REQUIRED WORK — After locating the line that contains "using \<open>0 \<le> A\<close> heat_kernel_nonneg[of" in the data below, set down exactly that line and each one after it through the line that contains "z)) * (norm", and nothing more.
SOURCE DATA Block Start
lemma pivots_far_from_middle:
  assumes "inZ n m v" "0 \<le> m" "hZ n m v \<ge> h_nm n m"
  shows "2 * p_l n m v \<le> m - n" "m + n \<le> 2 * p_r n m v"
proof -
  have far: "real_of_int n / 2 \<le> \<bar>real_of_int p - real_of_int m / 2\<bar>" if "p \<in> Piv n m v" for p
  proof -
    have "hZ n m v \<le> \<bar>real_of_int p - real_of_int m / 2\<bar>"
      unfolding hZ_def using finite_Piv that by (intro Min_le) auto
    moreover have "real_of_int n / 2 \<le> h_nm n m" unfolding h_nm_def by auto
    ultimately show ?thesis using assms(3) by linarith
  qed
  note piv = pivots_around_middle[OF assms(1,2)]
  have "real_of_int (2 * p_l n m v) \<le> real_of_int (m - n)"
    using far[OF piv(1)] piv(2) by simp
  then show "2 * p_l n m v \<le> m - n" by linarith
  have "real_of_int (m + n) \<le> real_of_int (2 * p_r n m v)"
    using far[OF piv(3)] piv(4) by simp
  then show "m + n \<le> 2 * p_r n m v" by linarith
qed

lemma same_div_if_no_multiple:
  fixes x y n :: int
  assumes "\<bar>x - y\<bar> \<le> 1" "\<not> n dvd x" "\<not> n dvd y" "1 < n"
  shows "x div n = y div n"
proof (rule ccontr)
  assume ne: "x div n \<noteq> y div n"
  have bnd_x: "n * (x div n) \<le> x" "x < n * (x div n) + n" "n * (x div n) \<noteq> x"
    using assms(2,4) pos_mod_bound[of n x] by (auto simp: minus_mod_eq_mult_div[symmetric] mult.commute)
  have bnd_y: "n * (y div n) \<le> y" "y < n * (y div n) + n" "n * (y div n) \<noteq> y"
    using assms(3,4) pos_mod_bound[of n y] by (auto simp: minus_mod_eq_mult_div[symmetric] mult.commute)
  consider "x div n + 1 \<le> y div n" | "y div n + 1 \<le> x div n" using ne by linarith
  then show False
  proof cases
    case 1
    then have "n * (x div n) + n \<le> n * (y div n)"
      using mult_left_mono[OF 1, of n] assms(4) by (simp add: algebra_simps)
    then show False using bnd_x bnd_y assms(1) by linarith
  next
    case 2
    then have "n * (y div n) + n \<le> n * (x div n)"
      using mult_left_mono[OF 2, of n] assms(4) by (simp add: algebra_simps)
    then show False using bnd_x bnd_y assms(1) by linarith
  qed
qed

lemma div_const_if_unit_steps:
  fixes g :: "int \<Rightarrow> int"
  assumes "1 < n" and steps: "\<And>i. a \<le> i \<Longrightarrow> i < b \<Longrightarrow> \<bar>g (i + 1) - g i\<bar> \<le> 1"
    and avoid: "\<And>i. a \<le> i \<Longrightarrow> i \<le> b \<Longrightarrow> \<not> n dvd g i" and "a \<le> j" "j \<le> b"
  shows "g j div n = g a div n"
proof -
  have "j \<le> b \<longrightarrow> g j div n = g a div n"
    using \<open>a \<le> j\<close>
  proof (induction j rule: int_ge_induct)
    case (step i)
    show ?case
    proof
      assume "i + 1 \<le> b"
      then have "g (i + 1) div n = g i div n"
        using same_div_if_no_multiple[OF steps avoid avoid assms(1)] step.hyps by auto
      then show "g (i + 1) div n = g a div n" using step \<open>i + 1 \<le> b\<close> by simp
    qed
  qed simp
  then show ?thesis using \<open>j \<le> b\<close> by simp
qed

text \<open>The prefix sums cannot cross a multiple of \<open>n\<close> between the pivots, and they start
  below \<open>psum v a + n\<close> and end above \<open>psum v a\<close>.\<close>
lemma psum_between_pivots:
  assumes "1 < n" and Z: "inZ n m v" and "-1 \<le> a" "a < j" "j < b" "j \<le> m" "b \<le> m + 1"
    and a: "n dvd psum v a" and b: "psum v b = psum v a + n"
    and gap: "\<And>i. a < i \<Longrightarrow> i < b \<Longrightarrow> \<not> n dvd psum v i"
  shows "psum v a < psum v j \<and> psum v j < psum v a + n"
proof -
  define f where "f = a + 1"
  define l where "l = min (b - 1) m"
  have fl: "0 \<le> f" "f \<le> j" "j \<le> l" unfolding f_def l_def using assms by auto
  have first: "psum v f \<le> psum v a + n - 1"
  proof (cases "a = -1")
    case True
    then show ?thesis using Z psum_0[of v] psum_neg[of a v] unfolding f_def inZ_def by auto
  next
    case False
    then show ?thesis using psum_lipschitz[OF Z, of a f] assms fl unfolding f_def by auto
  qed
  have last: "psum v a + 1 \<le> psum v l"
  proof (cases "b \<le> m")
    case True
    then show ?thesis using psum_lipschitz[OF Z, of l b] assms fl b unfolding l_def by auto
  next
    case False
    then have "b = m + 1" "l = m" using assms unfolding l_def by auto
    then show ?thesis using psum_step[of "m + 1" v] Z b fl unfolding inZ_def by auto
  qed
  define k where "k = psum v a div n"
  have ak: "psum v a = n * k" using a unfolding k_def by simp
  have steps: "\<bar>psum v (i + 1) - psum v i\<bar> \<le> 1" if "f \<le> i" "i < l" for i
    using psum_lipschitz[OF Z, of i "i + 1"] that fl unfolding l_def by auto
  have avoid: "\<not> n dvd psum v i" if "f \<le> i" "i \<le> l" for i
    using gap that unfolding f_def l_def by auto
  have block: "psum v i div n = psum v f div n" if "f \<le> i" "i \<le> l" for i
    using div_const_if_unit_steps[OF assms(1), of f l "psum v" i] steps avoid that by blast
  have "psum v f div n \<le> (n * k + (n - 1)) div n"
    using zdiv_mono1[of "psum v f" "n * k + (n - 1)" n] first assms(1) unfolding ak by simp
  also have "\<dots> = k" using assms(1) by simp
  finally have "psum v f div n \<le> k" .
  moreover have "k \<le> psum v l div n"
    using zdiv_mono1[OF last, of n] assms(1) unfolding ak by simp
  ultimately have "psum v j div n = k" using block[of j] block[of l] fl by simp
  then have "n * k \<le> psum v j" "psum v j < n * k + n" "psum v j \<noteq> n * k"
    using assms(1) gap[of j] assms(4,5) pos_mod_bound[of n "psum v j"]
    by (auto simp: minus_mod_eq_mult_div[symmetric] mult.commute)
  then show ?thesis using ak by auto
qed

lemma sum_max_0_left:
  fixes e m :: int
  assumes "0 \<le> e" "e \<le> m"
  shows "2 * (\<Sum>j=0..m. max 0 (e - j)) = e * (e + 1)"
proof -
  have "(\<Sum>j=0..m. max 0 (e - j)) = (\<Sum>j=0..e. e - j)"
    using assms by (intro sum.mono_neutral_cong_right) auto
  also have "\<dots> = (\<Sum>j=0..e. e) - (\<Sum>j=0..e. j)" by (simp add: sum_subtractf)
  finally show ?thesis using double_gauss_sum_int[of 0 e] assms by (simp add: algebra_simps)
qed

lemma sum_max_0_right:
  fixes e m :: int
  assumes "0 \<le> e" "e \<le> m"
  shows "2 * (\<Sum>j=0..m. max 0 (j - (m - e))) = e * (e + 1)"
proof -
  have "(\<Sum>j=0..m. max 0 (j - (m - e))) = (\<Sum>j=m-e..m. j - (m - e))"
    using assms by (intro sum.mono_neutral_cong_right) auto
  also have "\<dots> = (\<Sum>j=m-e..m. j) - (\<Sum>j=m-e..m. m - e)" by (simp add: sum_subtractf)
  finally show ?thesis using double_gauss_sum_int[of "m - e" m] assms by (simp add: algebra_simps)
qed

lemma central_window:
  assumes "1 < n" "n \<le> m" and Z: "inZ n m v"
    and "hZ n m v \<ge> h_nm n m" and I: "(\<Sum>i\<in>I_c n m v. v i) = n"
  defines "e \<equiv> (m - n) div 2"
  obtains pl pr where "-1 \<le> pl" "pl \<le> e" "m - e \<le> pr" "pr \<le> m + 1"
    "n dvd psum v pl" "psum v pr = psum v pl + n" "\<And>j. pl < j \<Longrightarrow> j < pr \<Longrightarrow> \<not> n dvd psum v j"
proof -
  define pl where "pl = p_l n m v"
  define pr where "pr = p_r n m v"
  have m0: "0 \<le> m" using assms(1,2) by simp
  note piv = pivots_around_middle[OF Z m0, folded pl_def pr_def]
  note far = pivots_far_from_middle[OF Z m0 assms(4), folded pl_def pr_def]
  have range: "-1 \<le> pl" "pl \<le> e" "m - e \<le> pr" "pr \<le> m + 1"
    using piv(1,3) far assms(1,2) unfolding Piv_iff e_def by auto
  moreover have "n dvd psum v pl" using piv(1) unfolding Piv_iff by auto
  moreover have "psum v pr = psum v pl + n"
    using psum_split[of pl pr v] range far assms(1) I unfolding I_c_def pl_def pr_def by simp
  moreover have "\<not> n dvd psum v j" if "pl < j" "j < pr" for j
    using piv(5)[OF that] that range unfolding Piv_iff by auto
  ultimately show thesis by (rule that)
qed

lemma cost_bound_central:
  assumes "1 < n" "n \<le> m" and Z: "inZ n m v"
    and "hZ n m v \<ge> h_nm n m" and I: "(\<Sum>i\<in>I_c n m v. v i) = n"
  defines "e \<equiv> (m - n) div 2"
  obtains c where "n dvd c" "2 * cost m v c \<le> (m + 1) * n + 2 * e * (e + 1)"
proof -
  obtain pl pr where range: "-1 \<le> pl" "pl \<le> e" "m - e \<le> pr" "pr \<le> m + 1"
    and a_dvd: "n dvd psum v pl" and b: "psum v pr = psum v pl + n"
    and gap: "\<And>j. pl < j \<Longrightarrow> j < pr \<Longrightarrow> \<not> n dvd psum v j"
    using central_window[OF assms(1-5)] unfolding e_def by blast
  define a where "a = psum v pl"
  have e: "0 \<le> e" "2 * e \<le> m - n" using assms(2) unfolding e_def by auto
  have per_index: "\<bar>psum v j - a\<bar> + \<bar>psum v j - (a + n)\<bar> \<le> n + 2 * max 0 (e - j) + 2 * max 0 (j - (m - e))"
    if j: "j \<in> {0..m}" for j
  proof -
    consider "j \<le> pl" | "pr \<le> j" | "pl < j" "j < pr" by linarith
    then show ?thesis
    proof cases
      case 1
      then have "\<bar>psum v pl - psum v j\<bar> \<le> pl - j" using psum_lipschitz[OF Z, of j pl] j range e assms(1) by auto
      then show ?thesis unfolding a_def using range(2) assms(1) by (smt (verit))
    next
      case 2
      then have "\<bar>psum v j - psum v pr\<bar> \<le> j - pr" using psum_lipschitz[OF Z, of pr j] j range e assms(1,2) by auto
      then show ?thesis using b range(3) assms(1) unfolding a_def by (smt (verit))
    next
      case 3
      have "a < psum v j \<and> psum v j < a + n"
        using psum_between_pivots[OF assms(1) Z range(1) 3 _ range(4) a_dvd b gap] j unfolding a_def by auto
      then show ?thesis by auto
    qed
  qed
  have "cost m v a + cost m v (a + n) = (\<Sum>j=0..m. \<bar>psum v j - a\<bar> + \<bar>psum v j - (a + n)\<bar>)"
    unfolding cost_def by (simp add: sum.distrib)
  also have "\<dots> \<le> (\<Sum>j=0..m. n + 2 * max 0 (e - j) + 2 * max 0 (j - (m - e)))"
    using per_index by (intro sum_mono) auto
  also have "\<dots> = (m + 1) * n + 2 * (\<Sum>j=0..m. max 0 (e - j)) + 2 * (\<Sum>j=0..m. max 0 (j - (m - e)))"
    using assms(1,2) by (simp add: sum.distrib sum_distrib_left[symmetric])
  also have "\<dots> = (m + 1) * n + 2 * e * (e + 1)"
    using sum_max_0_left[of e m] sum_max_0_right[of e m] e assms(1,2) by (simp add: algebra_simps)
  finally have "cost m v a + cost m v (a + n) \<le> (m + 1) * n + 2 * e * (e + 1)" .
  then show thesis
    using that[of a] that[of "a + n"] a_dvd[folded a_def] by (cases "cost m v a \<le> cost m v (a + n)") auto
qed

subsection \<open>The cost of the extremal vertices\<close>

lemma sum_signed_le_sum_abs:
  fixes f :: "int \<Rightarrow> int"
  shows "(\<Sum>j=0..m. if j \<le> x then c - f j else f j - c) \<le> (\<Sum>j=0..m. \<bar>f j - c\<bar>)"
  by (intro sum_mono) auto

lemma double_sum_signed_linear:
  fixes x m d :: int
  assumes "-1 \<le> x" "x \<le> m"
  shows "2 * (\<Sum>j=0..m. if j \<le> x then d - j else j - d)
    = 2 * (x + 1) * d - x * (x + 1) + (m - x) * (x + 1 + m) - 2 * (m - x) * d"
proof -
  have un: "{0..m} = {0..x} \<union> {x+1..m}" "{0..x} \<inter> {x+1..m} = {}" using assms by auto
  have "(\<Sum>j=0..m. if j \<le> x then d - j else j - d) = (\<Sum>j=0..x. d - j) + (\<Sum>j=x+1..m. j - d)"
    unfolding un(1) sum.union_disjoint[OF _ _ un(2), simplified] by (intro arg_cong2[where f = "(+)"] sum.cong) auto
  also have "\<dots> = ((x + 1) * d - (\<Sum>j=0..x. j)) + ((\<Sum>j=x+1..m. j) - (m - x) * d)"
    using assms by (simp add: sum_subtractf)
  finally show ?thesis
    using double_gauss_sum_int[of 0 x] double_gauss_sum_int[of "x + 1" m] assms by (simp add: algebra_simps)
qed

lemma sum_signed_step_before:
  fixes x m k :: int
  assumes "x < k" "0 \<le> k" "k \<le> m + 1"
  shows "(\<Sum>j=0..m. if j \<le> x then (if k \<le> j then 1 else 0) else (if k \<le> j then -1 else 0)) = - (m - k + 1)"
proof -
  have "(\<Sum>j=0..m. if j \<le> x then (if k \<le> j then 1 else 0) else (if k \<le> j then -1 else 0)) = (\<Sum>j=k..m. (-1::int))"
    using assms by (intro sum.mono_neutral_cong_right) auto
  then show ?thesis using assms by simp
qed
SOURCE DATA Block End
SOURCE DATA Block Start
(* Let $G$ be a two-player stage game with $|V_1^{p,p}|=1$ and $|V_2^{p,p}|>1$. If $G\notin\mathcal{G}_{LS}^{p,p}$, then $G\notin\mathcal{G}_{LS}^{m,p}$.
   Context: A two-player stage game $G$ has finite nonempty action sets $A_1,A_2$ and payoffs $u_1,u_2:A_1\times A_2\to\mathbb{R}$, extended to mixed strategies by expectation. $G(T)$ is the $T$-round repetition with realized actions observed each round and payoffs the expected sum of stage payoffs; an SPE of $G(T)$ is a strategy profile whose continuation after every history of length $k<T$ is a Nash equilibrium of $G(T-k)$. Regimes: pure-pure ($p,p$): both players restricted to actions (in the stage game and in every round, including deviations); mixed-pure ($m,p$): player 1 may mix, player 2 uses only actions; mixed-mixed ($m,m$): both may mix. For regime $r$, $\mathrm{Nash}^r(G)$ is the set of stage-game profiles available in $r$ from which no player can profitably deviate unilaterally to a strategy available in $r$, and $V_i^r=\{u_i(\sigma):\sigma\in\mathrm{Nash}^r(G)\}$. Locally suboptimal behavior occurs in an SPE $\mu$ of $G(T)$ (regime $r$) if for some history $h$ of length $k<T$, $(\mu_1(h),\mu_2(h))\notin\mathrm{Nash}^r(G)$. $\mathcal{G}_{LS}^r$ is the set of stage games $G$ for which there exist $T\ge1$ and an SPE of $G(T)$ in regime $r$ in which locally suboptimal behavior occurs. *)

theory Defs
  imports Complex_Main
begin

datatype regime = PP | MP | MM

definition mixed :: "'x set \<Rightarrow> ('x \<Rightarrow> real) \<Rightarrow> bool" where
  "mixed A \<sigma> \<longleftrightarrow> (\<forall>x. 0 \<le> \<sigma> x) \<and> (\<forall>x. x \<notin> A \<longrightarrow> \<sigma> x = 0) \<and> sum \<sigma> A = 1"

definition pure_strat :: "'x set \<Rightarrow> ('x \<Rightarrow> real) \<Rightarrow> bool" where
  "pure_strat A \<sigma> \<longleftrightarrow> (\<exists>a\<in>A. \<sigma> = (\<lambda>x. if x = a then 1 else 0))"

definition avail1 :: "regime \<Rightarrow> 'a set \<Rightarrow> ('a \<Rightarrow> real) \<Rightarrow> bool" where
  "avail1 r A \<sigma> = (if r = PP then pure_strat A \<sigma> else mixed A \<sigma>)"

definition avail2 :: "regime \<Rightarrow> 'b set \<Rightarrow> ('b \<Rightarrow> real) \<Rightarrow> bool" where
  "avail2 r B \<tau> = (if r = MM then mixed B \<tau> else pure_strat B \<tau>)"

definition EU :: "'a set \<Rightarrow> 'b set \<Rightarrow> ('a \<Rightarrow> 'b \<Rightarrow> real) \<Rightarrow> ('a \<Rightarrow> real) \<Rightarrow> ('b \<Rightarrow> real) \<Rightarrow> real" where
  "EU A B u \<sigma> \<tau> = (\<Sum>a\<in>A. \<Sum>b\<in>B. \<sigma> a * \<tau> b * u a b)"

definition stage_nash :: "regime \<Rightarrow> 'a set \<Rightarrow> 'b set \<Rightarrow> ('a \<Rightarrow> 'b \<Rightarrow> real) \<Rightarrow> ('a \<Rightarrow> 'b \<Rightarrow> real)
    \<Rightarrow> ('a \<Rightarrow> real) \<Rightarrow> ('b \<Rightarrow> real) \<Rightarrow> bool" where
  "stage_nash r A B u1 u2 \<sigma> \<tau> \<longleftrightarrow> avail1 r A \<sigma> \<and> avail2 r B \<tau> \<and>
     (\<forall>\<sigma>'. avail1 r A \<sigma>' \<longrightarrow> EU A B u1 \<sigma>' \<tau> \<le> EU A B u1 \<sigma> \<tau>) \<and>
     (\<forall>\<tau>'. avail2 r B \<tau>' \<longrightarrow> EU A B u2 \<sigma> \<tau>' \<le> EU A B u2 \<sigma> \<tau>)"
SOURCE DATA Block End
SOURCE DATA Block Start
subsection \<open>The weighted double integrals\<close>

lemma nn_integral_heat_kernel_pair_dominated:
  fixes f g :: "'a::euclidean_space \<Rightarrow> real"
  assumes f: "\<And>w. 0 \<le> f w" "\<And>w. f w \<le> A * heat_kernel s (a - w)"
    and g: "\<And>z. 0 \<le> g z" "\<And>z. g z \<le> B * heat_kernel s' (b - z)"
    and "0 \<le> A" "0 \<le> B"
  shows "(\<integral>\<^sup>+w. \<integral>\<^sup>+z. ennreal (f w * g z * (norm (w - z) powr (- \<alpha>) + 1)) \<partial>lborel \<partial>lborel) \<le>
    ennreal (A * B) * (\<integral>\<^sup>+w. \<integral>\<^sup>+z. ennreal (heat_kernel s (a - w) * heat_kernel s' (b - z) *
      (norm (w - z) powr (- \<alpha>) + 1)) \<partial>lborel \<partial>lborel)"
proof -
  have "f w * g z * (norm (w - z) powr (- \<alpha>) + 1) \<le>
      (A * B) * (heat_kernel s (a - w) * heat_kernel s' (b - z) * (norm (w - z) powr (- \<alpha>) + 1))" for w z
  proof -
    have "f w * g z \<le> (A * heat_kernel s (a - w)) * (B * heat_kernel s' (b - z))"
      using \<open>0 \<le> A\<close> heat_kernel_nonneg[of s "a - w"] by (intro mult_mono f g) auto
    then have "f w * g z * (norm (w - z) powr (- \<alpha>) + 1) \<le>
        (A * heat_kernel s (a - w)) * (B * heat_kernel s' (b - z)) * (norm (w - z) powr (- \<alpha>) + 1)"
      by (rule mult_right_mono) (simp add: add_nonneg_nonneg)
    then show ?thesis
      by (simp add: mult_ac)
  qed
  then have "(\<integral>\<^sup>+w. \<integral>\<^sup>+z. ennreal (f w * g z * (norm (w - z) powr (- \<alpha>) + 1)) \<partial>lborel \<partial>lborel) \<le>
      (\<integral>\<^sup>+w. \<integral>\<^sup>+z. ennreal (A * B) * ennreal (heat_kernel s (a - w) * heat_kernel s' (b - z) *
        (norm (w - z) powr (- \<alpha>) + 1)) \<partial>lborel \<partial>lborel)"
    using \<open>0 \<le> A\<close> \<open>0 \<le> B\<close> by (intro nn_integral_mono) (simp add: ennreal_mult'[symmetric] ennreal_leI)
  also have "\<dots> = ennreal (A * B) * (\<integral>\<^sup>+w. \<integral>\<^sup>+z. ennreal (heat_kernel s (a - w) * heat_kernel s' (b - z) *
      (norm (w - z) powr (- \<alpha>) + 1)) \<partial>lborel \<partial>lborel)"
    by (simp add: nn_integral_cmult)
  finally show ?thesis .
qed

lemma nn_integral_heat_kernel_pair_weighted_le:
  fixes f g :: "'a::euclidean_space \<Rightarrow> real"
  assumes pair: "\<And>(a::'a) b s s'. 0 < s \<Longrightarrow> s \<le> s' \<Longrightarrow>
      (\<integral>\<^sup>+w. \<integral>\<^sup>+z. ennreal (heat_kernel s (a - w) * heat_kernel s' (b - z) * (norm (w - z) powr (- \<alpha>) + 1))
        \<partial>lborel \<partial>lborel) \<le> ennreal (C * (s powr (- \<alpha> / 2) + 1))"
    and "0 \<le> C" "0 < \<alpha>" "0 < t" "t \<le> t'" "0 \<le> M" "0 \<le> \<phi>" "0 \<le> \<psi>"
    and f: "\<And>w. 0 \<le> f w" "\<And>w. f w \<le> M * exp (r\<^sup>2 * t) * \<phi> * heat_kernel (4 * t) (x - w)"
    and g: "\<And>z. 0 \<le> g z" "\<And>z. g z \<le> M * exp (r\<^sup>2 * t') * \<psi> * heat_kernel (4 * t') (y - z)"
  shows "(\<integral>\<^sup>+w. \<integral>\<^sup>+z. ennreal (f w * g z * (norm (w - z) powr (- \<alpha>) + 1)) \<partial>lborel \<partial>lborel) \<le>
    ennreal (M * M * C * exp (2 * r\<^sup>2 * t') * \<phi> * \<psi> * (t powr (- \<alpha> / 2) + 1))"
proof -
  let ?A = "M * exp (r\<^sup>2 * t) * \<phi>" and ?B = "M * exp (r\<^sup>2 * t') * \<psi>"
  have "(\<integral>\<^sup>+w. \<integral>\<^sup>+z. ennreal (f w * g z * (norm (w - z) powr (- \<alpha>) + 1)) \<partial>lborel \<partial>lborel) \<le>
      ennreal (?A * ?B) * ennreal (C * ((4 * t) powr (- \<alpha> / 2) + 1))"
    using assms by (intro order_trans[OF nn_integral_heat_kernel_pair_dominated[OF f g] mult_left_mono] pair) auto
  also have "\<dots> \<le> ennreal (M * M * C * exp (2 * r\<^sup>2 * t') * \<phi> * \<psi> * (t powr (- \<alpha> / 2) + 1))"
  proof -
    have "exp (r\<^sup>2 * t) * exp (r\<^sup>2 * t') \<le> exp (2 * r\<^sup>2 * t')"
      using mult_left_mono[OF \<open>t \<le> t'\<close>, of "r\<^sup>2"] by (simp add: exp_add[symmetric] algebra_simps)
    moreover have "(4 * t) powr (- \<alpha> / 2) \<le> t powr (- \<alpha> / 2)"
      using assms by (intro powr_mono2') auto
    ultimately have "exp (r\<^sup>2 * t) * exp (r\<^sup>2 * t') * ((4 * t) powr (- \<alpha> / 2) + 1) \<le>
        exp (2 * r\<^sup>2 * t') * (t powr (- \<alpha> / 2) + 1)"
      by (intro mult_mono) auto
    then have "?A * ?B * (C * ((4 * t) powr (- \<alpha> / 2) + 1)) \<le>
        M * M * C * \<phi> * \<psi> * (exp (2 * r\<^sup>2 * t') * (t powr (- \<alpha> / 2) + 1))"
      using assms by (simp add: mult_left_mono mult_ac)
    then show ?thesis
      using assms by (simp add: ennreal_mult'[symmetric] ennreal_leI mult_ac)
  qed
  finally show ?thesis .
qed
SOURCE DATA Block End
TASK RESPONSE —
      using \<open>0 \<le> A\<close> heat_kernel_nonneg[of s "a - w"] by (intro mult_mono f g) auto
    then have "f w * g z * (norm (w - z) powr (- \<alpha>) + 1) \<le>
        (A * heat_kernel s (a - w)) * (B * heat_kernel s' (b - z)) * (norm (w - z) powr (- \<alpha>) + 1)"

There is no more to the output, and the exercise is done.